There was one other person that had been in the air force and may I say we were outstanding - we stood out - from a maturity point of view. Because all of the others were ‘Yes sir’, and ‘no sir’.  And the lecturers and the professors hated that. They didn't want to be treated like school masters. They wanted to be treated as intellectuals, you know, sharing ideas and challenging them. And the two of us did because we were two years older and we’d been through the army.

[DP]:  Confident?

[MM]:  Yeah.  And we knew how to bullshit people and to some extent deal with people.  So I felt very pleased with the choice I made.  And I did lots of things at university.  There was a university newspaper - I was on that.  But there was also a war newspaper and I became editor of that newspaper, which was a big pin board where the news went out. It was well respected so that was rather fun.  
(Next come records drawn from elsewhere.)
definition carrierA :: "alg set" where
  "carrierA = {f. finite {w. f w \<noteq> 0}}"

definition amult :: "alg \<Rightarrow> alg \<Rightarrow> alg" where
  "amult f g = (\<lambda>w. \<Sum>(u,v)\<in>{(u,v). u @ v = w}. f u * g v)"

definition aadd :: "alg \<Rightarrow> alg \<Rightarrow> alg" where
  "aadd f g = (\<lambda>w. f w + g w)"

definition asub :: "alg \<Rightarrow> alg \<Rightarrow> alg" where
  "asub f g = (\<lambda>w. f w - g w)"

definition azero :: alg where
  "azero = (\<lambda>w. 0)"

definition mon :: "word \<Rightarrow> alg" where
  "mon w = (\<lambda>u. if u = w then 1 else 0)"

inductive_set gen_ideal :: "alg set \<Rightarrow> alg set" for S :: "alg set" where
  gen_zero: "azero \<in> gen_ideal S"
| gen_base: "s \<in> S \<Longrightarrow> s \<in> gen_ideal S"
| gen_add: "x \<in> gen_ideal S \<Longrightarrow> y \<in> gen_ideal S \<Longrightarrow> aadd x y \<in> gen_ideal S"
| gen_lmult: "a \<in> carrierA \<Longrightarrow> x \<in> gen_ideal S \<Longrightarrow> amult a x \<in> gen_ideal S"
| gen_rmult: "a \<in> carrierA \<Longrightarrow> x \<in> gen_ideal S \<Longrightarrow> amult x a \<in> gen_ideal S"

definition balanced :: "word \<Rightarrow> bool" where
  "balanced w \<longleftrightarrow> count_list w L = count_list w R"

definition prime_word :: "word \<Rightarrow> bool" where
  "prime_word w \<longleftrightarrow> w \<noteq> [] \<and> balanced w \<and>
     \<not> (\<exists>u v. u \<noteq> [] \<and> v \<noteq> [] \<and> balanced u \<and> balanced v \<and> w = u @ v)"

fun bar :: "letter \<Rightarrow> int" where
  "bar R = 1" | "bar L = -1"

definition ek :: "nat \<Rightarrow> word \<Rightarrow> int" where
  "ek k w = (\<Sum>i<k. bar (w ! i))"

definition upper_prime :: "word \<Rightarrow> bool" where
  "upper_prime P \<longleftrightarrow> prime_word P \<and> (\<forall>k. 1 \<le> k \<and> k \<le> length P - 1 \<longrightarrow> ek k P > 0)"

definition lower_prime :: "word \<Rightarrow> bool" where
  "lower_prime P \<longleftrightarrow> prime_word P \<and> (\<forall>k. 1 \<le> k \<and> k \<le> length P - 1 \<longrightarrow> ek k P < 0)"

definition commS :: "alg set" where
  "commS = {asub (amult (mon F) (mon G)) (amult (mon G) (mon F)) | F G.
             F \<noteq> [] \<and> G \<noteq> [] \<and> balanced F \<and> balanced G}"

definition J :: "alg set" where
  "J = gen_ideal commS"

definition S'' :: "alg set" where
  "S'' = {asub (amult (mon U) (mon D)) (amult (mon D) (mon U)) | U D.
             upper_prime U \<and> lower_prime D}"

end

theory Submission
  imports Defs
begin

text \<open>Modulo the ideal generated by \<open>S''\<close>, the words commuting with a fixed word are
  closed under concatenation, so it suffices to commute two prime words. A prime word is
  upper or lower according to its first letter and has the shape \<open>aYb\<close> with \<open>b \<noteq> a\<close> and
  \<open>Y\<close> balanced. An upper and a lower prime commute by a generator of \<open>S''\<close>; two primes
  \<open>aYb\<close>, \<open>aZb\<close> of the same kind commute by induction on length, using that the shorter
  balanced words \<open>Y\<close>, \<open>Z\<close> and \<open>ba\<close> commute with each other.\<close>

lemma finite_splits: "finite {(u, v). u @ v = (w::word)}"
proof -
  have "{(u, v). u @ v = w} \<subseteq> (\<lambda>i. (take i w, drop i w)) ` {..length w}"
  proof
    fix p assume "p \<in> {(u, v). u @ v = w}"
    then obtain u v where "p = (u, v)" "u @ v = w" by auto
    then show "p \<in> (\<lambda>i. (take i w, drop i w)) ` {..length w}"
      by (intro image_eqI[where x = "length u"]) auto
  qed
  then show ?thesis by (rule finite_subset) simp
qed

lemma amult_mon_mon: "amult (mon u) (mon v) = mon (u @ v)"
proof
  fix w
  have "amult (mon u) (mon v) w = (\<Sum>p\<in>{(a, b). a @ b = w}. if p = (u, v) then 1 else 0)"
    unfolding amult_def split_def by (rule sum.cong) (simp_all add: mon_def prod_eq_iff)
  also have "\<dots> = mon (u @ v) w"
    by (auto simp: sum.delta[OF finite_splits] mon_def)
  finally show "amult (mon u) (mon v) w = mon (u @ v) w" .
qed

lemma amult_const_left: "amult (\<lambda>u. if u = [] then c else 0) f = (\<lambda>w. c * f w)"
proof
  fix w
  have "amult (\<lambda>u. if u = [] then c else 0) f w
      = (\<Sum>p\<in>{(a, b). a @ b = w}. if p = ([], w) then c * f w else 0)"
    unfolding amult_def split_def by (rule sum.cong) (auto simp: prod_eq_iff)
  also have "\<dots> = c * f w"
    by (simp add: sum.delta[OF finite_splits])
  finally show "amult (\<lambda>u. if u = [] then c else 0) f w = c * f w" .
qed

lemma amult_asub_left: "amult (asub f g) h = asub (amult f h) (amult g h)"
  unfolding amult_def asub_def
  by (auto simp: fun_eq_iff left_diff_distrib sum_subtractf split_def)

lemma amult_asub_right: "amult h (asub f g) = asub (amult h f) (amult h g)"
  unfolding amult_def asub_def
  by (auto simp: fun_eq_iff right_diff_distrib sum_subtractf split_def)

lemma mon_in_carrierA: "mon u \<in> carrierA"
  by (simp add: carrierA_def mon_def)

lemma gen_ideal_uminus:
  assumes "x \<in> gen_ideal S"
  shows "(\<lambda>w. - x w) \<in> gen_ideal S"
proof -
  have "(\<lambda>u. if u = [] then -1 else 0 :: complex) \<in> carrierA"
    by (simp add: carrierA_def)
  from gen_lmult[OF this assms] show ?thesis
    by (simp add: amult_const_left)
qed

lemma gen_ideal_least:
  assumes "T \<subseteq> gen_ideal S"
  shows "gen_ideal T \<subseteq> gen_ideal S"
proof
  fix x assume "x \<in> gen_ideal T"
  then show "x \<in> gen_ideal S"
  proof induction
    case (gen_base s)
    then show ?case using assms by blast
  qed (simp_all add: gen_zero gen_add gen_lmult gen_rmult)
qed

lemma gen_ideal_mono: "T \<subseteq> S \<Longrightarrow> gen_ideal T \<subseteq> gen_ideal S"
  by (rule gen_ideal_least) (auto intro: gen_base)

definition mon_equiv :: "alg set \<Rightarrow> word \<Rightarrow> word \<Rightarrow> bool" where
  "mon_equiv S x y \<longleftrightarrow> asub (mon x) (mon y) \<in> gen_ideal S"

lemma mon_equiv_refl: "mon_equiv S x x"
proof -
  have "asub (mon x) (mon x) = azero" by (simp add: asub_def azero_def)
  then show ?thesis by (simp add: mon_equiv_def gen_zero)
qed

lemma mon_equiv_sym: "mon_equiv S x y \<Longrightarrow> mon_equiv S y x"
  unfolding mon_equiv_def
  by (drule gen_ideal_uminus) (simp add: asub_def)

lemma mon_equiv_trans [trans]: "mon_equiv S x y \<Longrightarrow> mon_equiv S y z \<Longrightarrow> mon_equiv S x z"
  unfolding mon_equiv_def
  by (drule (1) gen_add) (simp add: aadd_def asub_def)

lemma mon_equiv_context:
  assumes "mon_equiv S x y"
  shows "mon_equiv S (a @ x @ b) (a @ y @ b)"
proof -
  have "amult (mon a) (amult (asub (mon x) (mon y)) (mon b)) \<in> gen_ideal S"
    using assms by (intro gen_lmult gen_rmult mon_in_carrierA) (simp add: mon_equiv_def)
  then show ?thesis
    by (simp add: mon_equiv_def amult_asub_left amult_asub_right amult_mon_mon)
qed

lemma mon_equiv_commute_append:
  assumes "mon_equiv S (u @ x) (x @ u)" and "mon_equiv S (v @ x) (x @ v)"
  shows "mon_equiv S (u @ v @ x) (x @ u @ v)"
proof -
  have "mon_equiv S (u @ v @ x) (u @ x @ v)"
    using mon_equiv_context[OF assms(2), of u "[]"] by simp
  moreover have "mon_equiv S (u @ x @ v) (x @ u @ v)"
    using mon_equiv_context[OF assms(1), of "[]" v] by simp
  ultimately show ?thesis by (rule mon_equiv_trans)
qed

definition height :: "word \<Rightarrow> int" where
  "height w = int (count_list w R) - int (count_list w L)"

lemma height_Nil [simp]: "height [] = 0"
  by (simp add: height_def)

lemma height_Cons [simp]: "height (x # w) = bar x + height w"
  by (cases x) (simp_all add: height_def)

lemma height_append [simp]: "height (u @ v) = height u + height v"
  by (simp add: height_def)

lemma balanced_iff_height: "balanced w \<longleftrightarrow> height w = 0"
  by (auto simp: balanced_def height_def)

lemma ek_eq_height_take: "k \<le> length w \<Longrightarrow> ek k w = height (take k w)"
proof (induction k)
  case 0
  then show ?case by (simp add: ek_def)
next
  case (Suc k)
  then show ?case by (simp add: ek_def take_Suc_conv_app_nth)
qed

lemma prime_word_height_take_nonzero:
  assumes "prime_word F" and "0 < k" and "k < length F"
  shows "height (take k F) \<noteq> 0"
proof
  assume "height (take k F) = 0"
  moreover have "height (take k F) + height (drop k F) = 0"
    using assms(1) by (simp add: prime_word_def balanced_iff_height flip: height_append)
  ultimately have "balanced (take k F)" and "balanced (drop k F)"
    by (simp_all add: balanced_iff_height)
  moreover have "take k F \<noteq> []" and "drop k F \<noteq> []"
    using assms(2,3) by auto
  ultimately have "\<exists>u v. u \<noteq> [] \<and> v \<noteq> [] \<and> balanced u \<and> balanced v \<and> F = u @ v"
    by (intro exI[of _ "take k F"] exI[of _ "drop k F"]) simp
  with assms(1) show False
    unfolding prime_word_def by blast
qed
lemma simple_expansion_unique:
  assumes "(\<Sum>j=1..n. c j *\<^sub>R \<alpha> j) = (\<Sum>j=1..n. e j *\<^sub>R \<alpha> j)" and "j \<in> {1..n}"
  shows "c j = e j"
proof -
  define u where "u v = c (inv_into {1..n} \<alpha> v) - e (inv_into {1..n} \<alpha> v)" for v
  have u: "u (\<alpha> k) = c k - e k" if "k \<in> {1..n}" for k
    using inv_into_f_f[OF inj_on_simple that] by (simp add: u_def)
  have "(\<Sum>v\<in>\<alpha> ` {1..n}. u v *\<^sub>R v) = (\<Sum>k=1..n. (c k - e k) *\<^sub>R \<alpha> k)"
    unfolding sum_simple_reindex by (intro sum.cong) (auto simp: u)
  also have "\<dots> = 0"
    using assms(1) by (simp add: scaleR_diff_left sum_subtractf)
  finally have "u (\<alpha> j) = 0"
    using independent_simple assms(2) unfolding independent_explicit by blast
  then show ?thesis using u[OF assms(2)] by simp
qed

lemma coeff_eqI:
  assumes "x = (\<Sum>j=1..n. c j *\<^sub>R \<alpha> j)"
  shows "coeff \<alpha> n x = (\<lambda>j. if j \<in> {1..n} then c j else 0)"
  unfolding coeff_def
proof (rule the_equality)
  fix e assume e: "(\<forall>j. j \<notin> {1..n} \<longrightarrow> e j = 0) \<and> x = (\<Sum>j=1..n. e j *\<^sub>R \<alpha> j)"
  show "e = (\<lambda>j. if j \<in> {1..n} then c j else 0)"
  proof
    fix j show "e j = (if j \<in> {1..n} then c j else 0)"
      using e simple_expansion_unique[of e c j] assms by auto
  qed
qed (use assms in auto)

lemma simple_expansion: "x = (\<Sum>j=1..n. coeff \<alpha> n x j *\<^sub>R \<alpha> j)"
proof -
  obtain c where "x = (\<Sum>j=1..n. c j *\<^sub>R \<alpha> j)"
    using ex_simple_expansion by blast
  with coeff_eqI[OF this] show ?thesis by simp
qed

lemma coeff_outside: "j \<notin> {1..n} \<Longrightarrow> coeff \<alpha> n x j = 0"
  using ex_simple_expansion[of x] coeff_eqI by auto

lemma linear_coeff: "linear (\<lambda>x. coeff \<alpha> n x i)"
proof (rule linearI)
  fix x y
  have "x + y = (\<Sum>j=1..n. (coeff \<alpha> n x j + coeff \<alpha> n y j) *\<^sub>R \<alpha> j)"
    by (subst simple_expansion[of x], subst simple_expansion[of y])
      (simp add: scaleR_add_left sum.distrib)
  from coeff_eqI[OF this] show "coeff \<alpha> n (x + y) i = coeff \<alpha> n x i + coeff \<alpha> n y i"
    by (simp add: coeff_outside)
next
  fix r and x :: 'a
  have "r *\<^sub>R x = (\<Sum>j=1..n. (r * coeff \<alpha> n x j) *\<^sub>R \<alpha> j)"
    by (subst simple_expansion[of x]) (simp add: scaleR_sum_right)
  from coeff_eqI[OF this] show "coeff \<alpha> n (r *\<^sub>R x) i = r *\<^sub>R coeff \<alpha> n x i"
    by (simp add: coeff_outside)
qed

lemma coeff_linear_simps:
  "coeff \<alpha> n (x + y) i = coeff \<alpha> n x i + coeff \<alpha> n y i"
  "coeff \<alpha> n (x - y) i = coeff \<alpha> n x i - coeff \<alpha> n y i"
  "coeff \<alpha> n (r *\<^sub>R x) i = r * coeff \<alpha> n x i"
  "coeff \<alpha> n (- x) i = - coeff \<alpha> n x i"
  "coeff \<alpha> n 0 i = 0"
  "coeff \<alpha> n (\<Sum>x\<in>A. f x) i = (\<Sum>x\<in>A. coeff \<alpha> n (f x) i)"
proof -
  note lin = linear_coeff[of i]
  show "coeff \<alpha> n (x + y) i = coeff \<alpha> n x i + coeff \<alpha> n y i"
    using linear_add[OF lin] by blast
  show "coeff \<alpha> n (x - y) i = coeff \<alpha> n x i - coeff \<alpha> n y i"
    using linear_diff[OF lin] by blast
  show "coeff \<alpha> n (r *\<^sub>R x) i = r * coeff \<alpha> n x i"
    using linear_scale[OF lin] by simp
  show "coeff \<alpha> n (- x) i = - coeff \<alpha> n x i"
    using linear_neg[OF lin] by blast
  show "coeff \<alpha> n 0 i = 0"
    using linear_0[OF lin] by blast
  show "coeff \<alpha> n (\<Sum>x\<in>A. f x) i = (\<Sum>x\<in>A. coeff \<alpha> n (f x) i)"
    using linear_sum[OF lin] by blast
qed

lemma coeff_simple: "k \<in> {1..n} \<Longrightarrow> coeff \<alpha> n (\<alpha> k) i = (if i = k then 1 else 0)"
proof -
  assume k: "k \<in> {1..n}"
  have "(\<Sum>j=1..n. (if j = k then 1 else 0) *\<^sub>R \<alpha> j) = (\<Sum>j=1..n. if j = k then \<alpha> j else 0)"
    by (rule sum.cong) auto
  then have "\<alpha> k = (\<Sum>j=1..n. (if j = k then 1 else 0) *\<^sub>R \<alpha> j)"
    using k by simp
  from coeff_eqI[OF this] show ?thesis using k by auto
qed

lemma eq_if_coeff_eq: "(\<And>i. i \<in> {1..n} \<Longrightarrow> coeff \<alpha> n x i = coeff \<alpha> n y i) \<Longrightarrow> x = y"
  by (subst simple_expansion[of x], subst simple_expansion[of y]) (rule sum.cong, auto)

lemma ex_coeff_nonzero:
  assumes "x \<noteq> 0" shows "\<exists>i\<in>{1..n}. coeff \<alpha> n x i \<noteq> 0"
proof (rule ccontr)
  assume "\<not> ?thesis"
  then have "x = 0" by (intro eq_if_coeff_eq) (simp add: coeff_linear_simps)
  then show False using assms by simp
qed

lemma inner_simple_expansion: "y \<bullet> v = (\<Sum>k=1..n. coeff \<alpha> n y k * (\<alpha> k \<bullet> v))"
  by (subst simple_expansion[of y]) (simp add: inner_sum_left)

lemma
  assumes "\<beta> \<in> \<Phi>"
  shows root_coeff_Ints: "coeff \<alpha> n \<beta> i \<in> \<int>"
    and root_coeff_sign: "(\<forall>i\<in>{1..n}. coeff \<alpha> n \<beta> i \<ge> 0) \<or> (\<forall>i\<in>{1..n}. coeff \<alpha> n \<beta> i \<le> 0)"
proof -
  obtain c where c: "\<forall>b\<in>\<alpha> ` {1..n}. c b \<in> \<int>"
    "(\<forall>b\<in>\<alpha> ` {1..n}. c b \<ge> 0) \<or> (\<forall>b\<in>\<alpha> ` {1..n}. c b \<le> 0)"
    "\<beta> = (\<Sum>b\<in>\<alpha> ` {1..n}. c b *\<^sub>R b)"
    using simple_root_basis assms unfolding is_root_basis_def by blast
  have "coeff \<alpha> n \<beta> = (\<lambda>j. if j \<in> {1..n} then c (\<alpha> j) else 0)"
    using c(3) unfolding sum_simple_reindex by (rule coeff_eqI)
  then show "coeff \<alpha> n \<beta> i \<in> \<int>"
    and "(\<forall>i\<in>{1..n}. coeff \<alpha> n \<beta> i \<ge> 0) \<or> (\<forall>i\<in>{1..n}. coeff \<alpha> n \<beta> i \<le> 0)"
    using c(1,2) by auto
qed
[DP]:  What about the course itself. Can you remember the physics course?

[MM]:  Well I remember our professor.  He was an old man and he described physics in the year 1900 and we covered the entire course.  The subject didn't matter, which was an entire degree in 1900.  We covered it in the first term of university because things had moved on.  Birmingham was interesting. Few people realised but on top of the cupboards, there were some boxes. I looked in them and they were the early magnetrons. Because Birmingham was where the radar magnetron was designed and there they were just stuck on top of the cupboards - real bits of history which nobody bothered about.

 I remember the course and my tutor was Professor Frenlin.  I remember I had a rather young, naive young girl, not a girlfriend, who we  went to sessions with our tutor and he used to say to her, ‘Now you, relax, it's holiday time, take your time’, and to me ‘and you can bloody well work’. It was quite interesting. He was quite bright. He knew what he was dealing with.  And I got on fairly well with him.  

I got called in to see the professor - not Frenlin, but the head of the department, who was a really  old man.  He opened the discussion. Poor man, he was a little bit nervous and I wasn't. ‘I hate to say anything but looking at your results for practical work al the students have done about twenty experiments and you've done eleven. Can you explain?’  I said, ‘Is this a discussion on quantity or quality?’  because I was really cross. I thought it was an invalid question because I found I was interested in the things I did. When I did experiments I often found that the experiments were often very straightforward. There was a little booklet telling you what to do.  And then they show the figures for this formula which I didn't think was  university level stuff. But anyway that's how it was.  And I often found that when I did my experiment my results didn't fit exactly the formula - they kind of fitted.  And so I was quite interested in why, in what I had done wrong?  Why were there these variations in the theoretical value?  And that's why I was doing so few experiments - because I'd spend another week trying to understand where it went wrong.  

The only university level experiment we had, I remember, was  when I opened this little booklet and it said ‘make an amplifier with ten million amplification'.   I turned over the next page and it was the back.  So I went up to see the lecturer and I said ‘I think we’re missing something’.  He said ‘No, that's the experiment’.  There were no instructions. It was just because all the other experiments were, you know, ‘Take this piece of wire and screw it into there and measure this and show if it's ...’  And that, to me,  was the only experiment I felt was  real, because that was university level.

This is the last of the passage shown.